The problem is getting a contract.

Even if you can find work, around here employers simply don't issue contracts!


----------



## leelfc1911 (Apr 16, 2015)

We have entered the realms of doom and gloom. Our moto is you only live once so give it a go and what will be will be. 

A kitchen manager is basically a head chef who has a lot of experience within a managerial role


----------



## Helenameva (Aug 15, 2014)

snikpoh said:


> The problem is getting a contract.
> 
> Even if you can find work, around here employers simply don't issue contracts!
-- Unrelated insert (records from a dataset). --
(* Let $\alpha=(a_1,a_2,\dots,a_w)$ and $\alpha^-=(a_2,\dots,a_w)$. Let $a_i$ with $i\ge2$ lie in $\mathbb{L}^t_\alpha$. Then: (1) if $un^{t-1}_\alpha(a_i)=a_1$, then $RL_{\alpha^-}(a_i)=RL_\alpha(a_i)-1$; (2) if $un^{t-1}_\alpha(a_i)\ne a_1$, then $RL_{\alpha^-}(a_i)=RL_\alpha(a_i)$.
   Context: Sequences consist of real numbers. Items are identified with their original positions, and items of $\alpha^-$ keep their indices from $\alpha$. Increasing subsequences are non-strict: indices strictly increase and values satisfy $\le$. For a sequence $\gamma$, $RL_\gamma(a)$ is the maximum length of an increasing subsequence of $\gamma$ ending at $a$. $\mathbb{L}^t_\gamma$ is the list of items of $\gamma$ with rising length $t$, ordered by position. The up neighbor $un_\alpha(a_i)$ is the item $a_j$ with the largest $j<i$ and $RL_\alpha(a_j)=RL_\alpha(a_i)-1$. Further, $un^0_\alpha(a)=a$ and $un^k_\alpha(a)=un_\alpha(un^{k-1}_\alpha(a))$. *)

theory Defs
  imports Main "HOL.Real"
begin

text \<open>A sequence is a function a :: nat => real restricted to a finite set S of positions.
  alpha = (a 1, ..., a w) has positions {1..w}; alpha^- has positions {2..w} (items keep
  their original indices).\<close>

definition incr_subseq :: "(nat \<Rightarrow> real) \<Rightarrow> nat set \<Rightarrow> nat list \<Rightarrow> bool" where
  "incr_subseq a S is \<longleftrightarrow> set is \<subseteq> S \<and> sorted_wrt (<) is \<and> sorted_wrt (\<lambda>i j. a i \<le> a j) is"

definition RL :: "(nat \<Rightarrow> real) \<Rightarrow> nat set \<Rightarrow> nat \<Rightarrow> nat" where
  "RL a S i = Max {length is | is. incr_subseq a S is \<and> is \<noteq> [] \<and> last is = i}"

definition un :: "(nat \<Rightarrow> real) \<Rightarrow> nat \<Rightarrow> nat \<Rightarrow> nat" where
  "un a w i = (GREATEST j. j \<in> {1..w} \<and> j < i \<and> RL a {1..w} j + 1 = RL a {1..w} i)"

end

theory Submission
  imports Defs
begin

text \<open>Iterating the up neighbour from an item of rising length t descends through every
  level t, t-1, ..., 1, each step moving left to a smaller or equal value; so the chain
  is itself an increasing subsequence of length t ending at the item. If the chain avoids
  a_1, it survives in alpha^-, and the rising length is unchanged. If it ends at a_1, then by
  induction on the level s every item of alpha^- that has rising length s in alpha and lies
  weakly left of the chain element of level s loses one unit of rising length: an increasing
  subsequence of full length in alpha^- would end in a predecessor of level s - 1 that, by
  the maximality of the up neighbour, again lies weakly left of the chain. Deleting one item
  never costs more than one unit, which gives the exact values.\<close>

lemma incr_subseq_snoc:
  "incr_subseq a S (xs @ [i]) \<longleftrightarrow>
     incr_subseq a S xs \<and> i \<in> S \<and> (\<forall>x\<in>set xs. x < i \<and> a x \<le> a i)"
  unfolding incr_subseq_def by (auto simp: sorted_wrt_append)

lemma finite_incr_subseq_lengths:
  assumes "finite S"
  shows "finite {length xs | xs. incr_subseq a S xs \<and> xs \<noteq> [] \<and> last xs = i}"
proof (rule finite_subset[of _ "{..card S}"])
  have "length xs \<le> card S" if "incr_subseq a S xs" for xs
  proof -
    from that have "distinct xs" "set xs \<subseteq> S"
      unfolding incr_subseq_def using strict_sorted_iff by auto
    then show ?thesis using distinct_card card_mono[OF assms] by metis
  qed
  then show "{length xs | xs. incr_subseq a S xs \<and> xs \<noteq> [] \<and> last xs = i} \<subseteq> {..card S}"
    by auto
qed simp

lemma length_less_RL:
  assumes "finite S" "incr_subseq a S (xs @ [i])"
  shows "length xs < RL a S i"
proof -
  have "length (xs @ [i]) \<in> {length ys | ys. incr_subseq a S ys \<and> ys \<noteq> [] \<and> last ys = i}"
    using assms(2) by (intro CollectI exI[of _ "xs @ [i]"]) simp
  then have "length (xs @ [i]) \<le> RL a S i"
    unfolding RL_def using finite_incr_subseq_lengths[OF assms(1)] by (rule Max_ge[rotated])
  then show ?thesis by simp
qed

lemma RL_attained:
  assumes "finite S" "i \<in> S"
  obtains xs where "incr_subseq a S (xs @ [i])" "Suc (length xs) = RL a S i"
proof -
  have "incr_subseq a S [i]" using assms by (simp add: incr_subseq_def)
  then have "{length xs | xs. incr_subseq a S xs \<and> xs \<noteq> [] \<and> last xs = i} \<noteq> {}"
    by force
  from Max_in[OF finite_incr_subseq_lengths[OF assms(1)] this]
  obtain ys where "incr_subseq a S ys" "ys \<noteq> []" "last ys = i" "length ys = RL a S i"
    unfolding RL_def by auto
  with that[of "butlast ys"] show ?thesis by (metis append_butlast_last_id length_append_singleton)
qed

lemma RL_pos:
  assumes "finite S" "i \<in> S"
  shows "1 \<le> RL a S i"
  using length_less_RL[OF assms(1), of a "[]" i] assms by (simp add: incr_subseq_def)

lemma RL_Suc_le:
  assumes "finite S" "j \<in> S" "i \<in> S" "j < i" "a j \<le> a i"
  shows "RL a S j + 1 \<le> RL a S i"
proof -
  obtain xs where xs: "incr_subseq a S (xs @ [j])" "Suc (length xs) = RL a S j"
    using RL_attained[OF assms(1,2)] .
  with assms(3-5) have "incr_subseq a S ((xs @ [j]) @ [i])"
    unfolding incr_subseq_snoc by force
  from length_less_RL[OF assms(1) this] xs(2) show ?thesis by simp
qed

corollary RL_eq_imp_less:
  assumes "finite S" "j \<in> S" "i \<in> S" "j < i" "RL a S j = RL a S i"
  shows "a i < a j"
  using RL_Suc_le[OF assms(1-4), of a] assms(5) by force

lemma RL_predecessor:
  assumes "finite S" "i \<in> S" "2 \<le> RL a S i"
  obtains j where "j \<in> S" "j < i" "a j \<le> a i" "RL a S j + 1 = RL a S i"
proof -
  obtain xs where xs: "incr_subseq a S (xs @ [i])" "Suc (length xs) = RL a S i"
    using RL_attained[OF assms(1,2)] .
  with assms(3) obtain ys j where xs_eq: "xs = ys @ [j]" by (cases xs rule: rev_cases) auto
  from xs(1) xs_eq have "incr_subseq a S ((ys @ [j]) @ [i])" by simp
  then have j: "incr_subseq a S (ys @ [j])" "j < i" "a j \<le> a i"
    unfolding incr_subseq_snoc[of a S "ys @ [j]"] by auto
  from j(1) have "j \<in> S" unfolding incr_subseq_snoc by simp
  have "RL a S i \<le> RL a S j + 1"
    using length_less_RL[OF assms(1) j(1)] xs(2) xs_eq by simp
  with RL_Suc_le[OF assms(1) \<open>j \<in> S\<close> assms(2) j(2,3)] have "RL a S j + 1 = RL a S i"
    by linarith
  with that j \<open>j \<in> S\<close> show ?thesis by blast
qed

lemma RL_mono:
  assumes "finite S" "S' \<subseteq> S" "i \<in> S'"
  shows "RL a S' i \<le> RL a S i"
proof -
  obtain xs where xs: "incr_subseq a S' (xs @ [i])" "Suc (length xs) = RL a S' i"
    using RL_attained[OF finite_subset[OF assms(2,1)] assms(3)] .
  then have "incr_subseq a S (xs @ [i])" using assms(2) unfolding incr_subseq_def by auto
  from length_less_RL[OF assms(1) this] xs(2) show ?thesis by simp
qed

lemma RL_le_RL_remove:
  assumes "finite S" "i \<in> S" "x \<noteq> i"
  shows "RL a S i \<le> RL a (S - {x}) i + 1"
proof -
  obtain xs where xs: "incr_subseq a S (xs @ [i])" "Suc (length xs) = RL a S i"
    using RL_attained[OF assms(1,2)] .
  let ?ys = "filter (\<lambda>y. y \<noteq> x) xs"
  have "incr_subseq a (S - {x}) (?ys @ [i])"
    using xs(1) assms(3) unfolding incr_subseq_snoc
    by (auto simp: incr_subseq_def sorted_wrt_filter)
  from length_less_RL[OF _ this] assms(1) have "length ?ys < RL a (S - {x}) i" by simp
  moreover have "length xs \<le> length ?ys + 1"
  proof -
    have "distinct xs" using xs(1) unfolding incr_subseq_def by (simp add: strict_sorted_iff)
    then have "length ?ys = card (set xs - {x})"
      using distinct_card[of ?ys] by (simp add: set_diff_eq)
    with \<open>distinct xs\<close> show ?thesis by (auto simp: card_Diff_singleton_if distinct_card)
  qed
  ultimately show ?thesis using xs(2) by simp
qed

lemma un_props:
  assumes "i \<in> {1..w}" "2 \<le> RL a {1..w} i"
  shows "un a w i \<in> {1..w}" "un a w i < i" "a (un a w i) \<le> a i"
    and "RL a {1..w} (un a w i) + 1 = RL a {1..w} i"
    and "\<And>k. k \<in> {1..w} \<Longrightarrow> k < i \<Longrightarrow> RL a {1..w} k + 1 = RL a {1..w} i \<Longrightarrow> k \<le> un a w i"
proof -
  let ?P = "\<lambda>j. j \<in> {1..w} \<and> j < i \<and> RL a {1..w} j + 1 = RL a {1..w} i"
  obtain j where j: "j \<in> {1..w}" "j < i" "a j \<le> a i" "RL a {1..w} j + 1 = RL a {1..w} i"
    using RL_predecessor[of "{1..w}" i a] assms by auto
  have bound: "\<And>y. ?P y \<Longrightarrow> y \<le> i" by simp
  have P_un: "?P (un a w i)"
    unfolding un_def using GreatestI_nat[of ?P j i] j bound by blast
  then show "un a w i \<in> {1..w}" "un a w i < i" "RL a {1..w} (un a w i) + 1 = RL a {1..w} i"
    by auto
  show greatest: "\<And>k. k \<in> {1..w} \<Longrightarrow> k < i \<Longrightarrow> RL a {1..w} k + 1 = RL a {1..w} i \<Longrightarrow> k \<le> un a w i"
    unfolding un_def using Greatest_le_nat[of ?P _ i] bound by blast
  \<comment> \<open>Items of equal rising length strictly decrease from left to right.\<close>
  have "a (un a w i) \<le> a j"
  proof (cases "j = un a w i")
    case False
    with greatest j have "j < un a w i" by fastforce
    with RL_eq_imp_less[of "{1..w}" j "un a w i" a] j P_un show ?thesis by auto
  qed simp
  with j show "a (un a w i) \<le> a i" by simp
qed

lemma un_iter:
  assumes "i \<in> {1..w}" "k < RL a {1..w} i"
  shows "(un a w ^^ k) i \<in> {1..w} \<and> RL a {1..w} ((un a w ^^ k) i) = RL a {1..w} i - k"
  using assms(2)
proof (induction k)
  case (Suc k)
  then have "(un a w ^^ k) i \<in> {1..w}" and level: "RL a {1..w} ((un a w ^^ k) i) = RL a {1..w} i - k"
    by simp_all
  moreover from level Suc.prems have "2 \<le> RL a {1..w} ((un a w ^^ k) i)" by simp
  ultimately have "un a w ((un a w ^^ k) i) \<in> {1..w}"
    "RL a {1..w} (un a w ((un a w ^^ k) i)) + 1 = RL a {1..w} ((un a w ^^ k) i)"
    using un_props(1,4) by blast+
  with level show ?case by simp
qed (use assms(1) in simp)

lemma un_iter_Suc:
  assumes "i \<in> {1..w}" "Suc k < RL a {1..w} i"
  shows "(un a w ^^ Suc k) i < (un a w ^^ k) i"
    and "a ((un a w ^^ Suc k) i) \<le> a ((un a w ^^ k) i)"
    and "\<And>q. q \<in> {1..w} \<Longrightarrow> q < (un a w ^^ k) i \<Longrightarrow>
           RL a {1..w} q + 1 = RL a {1..w} ((un a w ^^ k) i) \<Longrightarrow> q \<le> (un a w ^^ Suc k) i"
proof -
  have member: "(un a w ^^ k) i \<in> {1..w}"
    and level: "RL a {1..w} ((un a w ^^ k) i) = RL a {1..w} i - k"
    using un_iter[OF assms(1) Suc_lessD[OF assms(2)]] by simp_all
  from level assms(2) have "2 \<le> RL a {1..w} ((un a w ^^ k) i)" by simp
  note un = un_props[OF member this]
  show "(un a w ^^ Suc k) i < (un a w ^^ k) i" "a ((un a w ^^ Suc k) i) \<le> a ((un a w ^^ k) i)"
    using un(2,3) by simp_all
  show "\<And>q. q \<in> {1..w} \<Longrightarrow> q < (un a w ^^ k) i \<Longrightarrow>
          RL a {1..w} q + 1 = RL a {1..w} ((un a w ^^ k) i) \<Longrightarrow> q \<le> (un a w ^^ Suc k) i"
    using un(5) by simp
qed

lemma RL_tail_ge_if_chain_avoids_first:
  assumes i: "i \<in> {1..w}" and t: "RL a {1..w} i = t" and end_ne: "(un a w ^^ (t - 1)) i \<noteq> 1"
  shows "t \<le> RL a {2..w} i"
proof -
  define c where "c k = (un a w ^^ k) i" for k
  have "c k \<in> {2..w} \<and> t - k \<le> RL a {2..w} (c k)" if "k \<le> t - 1" for k
    using that
  proof (induction k rule: inc_induct)
    case base
    have "t - 1 < RL a {1..w} i" using RL_pos[of "{1..w}" i a] i t by simp
    from un_iter[OF i this] end_ne have "c (t - 1) \<in> {2..w}" by (auto simp: c_def)
    then show ?case using RL_pos[of "{2..w}" "c (t - 1)" a] by auto
  next
    case (step k)
    have Suc_k: "Suc k < RL a {1..w} i" using step.hyps(2) t by simp
    have "c (Suc k) < c k" "a (c (Suc k)) \<le> a (c k)"
      using un_iter_Suc(1,2)[OF i Suc_k] c_def by simp_all
    moreover have "c k \<in> {2..w}"
      using un_iter[OF i Suc_lessD[OF Suc_k]] c_def step.IH \<open>c (Suc k) < c k\<close> by auto
    ultimately have "RL a {2..w} (c (Suc k)) + 1 \<le> RL a {2..w} (c k)"
      using RL_Suc_le[of "{2..w}" "c (Suc k)" "c k" a] step.IH by auto
    with step.IH \<open>c k \<in> {2..w}\<close> show ?case by auto
  qed
  from this[of 0] show ?thesis by (simp add: c_def)
qed

lemma RL_tail_less_if_chain_ends_at_first:
  assumes i_tail: "i \<in> {2..w}" and t: "RL a {1..w} i = t" and end_eq: "(un a w ^^ (t - 1)) i = 1"
  shows "RL a {2..w} i < t"
proof -
  from i_tail have i: "i \<in> {1..w}" by simp
  define c where "c k = (un a w ^^ k) i" for k
  have "RL a {2..w} p < s"
    if "p \<in> {2..w}" "RL a {1..w} p = s" "s \<le> t" "p \<le> c (t - s)" for p s
    using that
  proof (induction s arbitrary: p)
    case 0
    then show ?case using RL_pos[of "{1..w}" p a] by auto
  next
    case (Suc s)
    show ?case
    proof (rule ccontr)
      assume "\<not> RL a {2..w} p < Suc s"
      moreover have "RL a {2..w} p \<le> Suc s"
        using RL_mono[of "{1..w}" "{2..w}" p a] Suc.prems(1,2) by auto
      ultimately have full: "RL a {2..w} p = Suc s" by simp
      have "s \<noteq> 0"
      proof
        assume "s = 0"
        with Suc.prems(1,4) end_eq show False by (simp add: c_def)
      qed
      with full have "2 \<le> RL a {2..w} p" by simp
      then obtain q where q: "q \<in> {2..w}" "q < p" "a q \<le> a p" "RL a {2..w} q + 1 = Suc s"
        using RL_predecessor[OF finite_atLeastAtMost Suc.prems(1)] full by metis
      have "RL a {1..w} q + 1 \<le> Suc s"
        using RL_Suc_le[of "{1..w}" q p a] q Suc.prems(1,2) by auto
      moreover have "s \<le> RL a {1..w} q"
        using RL_mono[of "{1..w}" "{2..w}" q a] q(1,4) by auto
      ultimately have q_level: "RL a {1..w} q = s" by simp
      define k where "k = t - Suc s"
      have Suc_k: "Suc k < RL a {1..w} i" using \<open>s \<noteq> 0\<close> Suc.prems(3) t k_def by simp
      have "RL a {1..w} (c k) = Suc s"
        using un_iter[OF i Suc_lessD[OF Suc_k]] t k_def c_def Suc.prems(3) by simp
      then have "q \<le> c (Suc k)"
        using un_iter_Suc(3)[OF i Suc_k, of q] q(1,2) q_level Suc.prems(4) k_def c_def by auto
      moreover have "Suc k = t - s" using k_def Suc.prems(3) by simp
      ultimately have "RL a {2..w} q < s"
        using Suc.IH[OF _ q_level] q(1) Suc.prems(3) by simp
      with q(4) show False by simp
    qed
  qed
  from this[OF i_tail t] show ?thesis by (simp add: c_def)
qed

theorem theorem3:
  fixes a :: "nat \<Rightarrow> real" and w i t :: nat
  assumes "2 \<le> i" and "i \<le> w"
    and "RL a {1..w} i = t"
  shows "((un a w ^^ (t - 1)) i = 1 \<longrightarrow> RL a {2..w} i = RL a {1..w} i - 1)
       \<and> ((un a w ^^ (t - 1)) i \<noteq> 1 \<longrightarrow> RL a {2..w} i = RL a {1..w} i)"
proof -
  have i: "i \<in> {1..w}" using assms(1,2) by simp
  have tail: "{2..w} = {1..w} - {1::nat}" by auto
  have upper: "RL a {2..w} i \<le> t"
    using RL_mono[of "{1..w}" "{2..w}" i a] assms by auto
  have lower: "t \<le> RL a {2..w} i + 1"
    using RL_le_RL_remove[of "{1..w}" i 1 a] assms unfolding tail by auto
  show ?thesis
  proof (intro conjI impI)
    assume "(un a w ^^ (t - 1)) i = 1"
    from RL_tail_less_if_chain_ends_at_first[OF _ assms(3) this]
    show "RL a {2..w} i = RL a {1..w} i - 1" using assms(1,2) lower assms(3) by simp
  next
    assume "(un a w ^^ (t - 1)) i \<noteq> 1"
    from RL_tail_ge_if_chain_avoids_first[OF i assms(3) this]
    show "RL a {2..w} i = RL a {1..w} i" using upper assms(3) by linarith
  qed
qed

end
A native English speaker with a TEFL certificate and a degree like the OP should find work in an Academy easily round here. Not great money, unsociable hours, no pay in the summer months, etc etc but if you want to get your foot in the door it's a starting point. And because there is a demand, academies are happy to give a contract and help with the registration because they know native English speakers are an asset.


----------



## baldilocks (Mar 7, 2010)

Helenameva said:


> A native English speaker with a TEFL certificate and a degree like the OP should find work in an Academy easily round here. Not great money, unsociable hours, no pay in the summer months, etc etc but if you want to get your foot in the door it's a starting point. And because there is a demand, academies are happy to give a contract and help with the registration because they know native English speakers are an asset.


My only reason for using the word "may" was the fact that many academies have their regular teachers in place and any recruitment would depend on either their expanding or their needing to replace a leaver.


----------



## Chopera (Apr 22, 2013)

I think in big cities there is a sufficient turnover of teachers, many of whom only stay for a year or two before moving on, for quite a few vacancies to arise in the academies each year. I seem to remember that in Madrid some academies even guaranteed a place for an academic year in return for doing your TEFL with them.


----------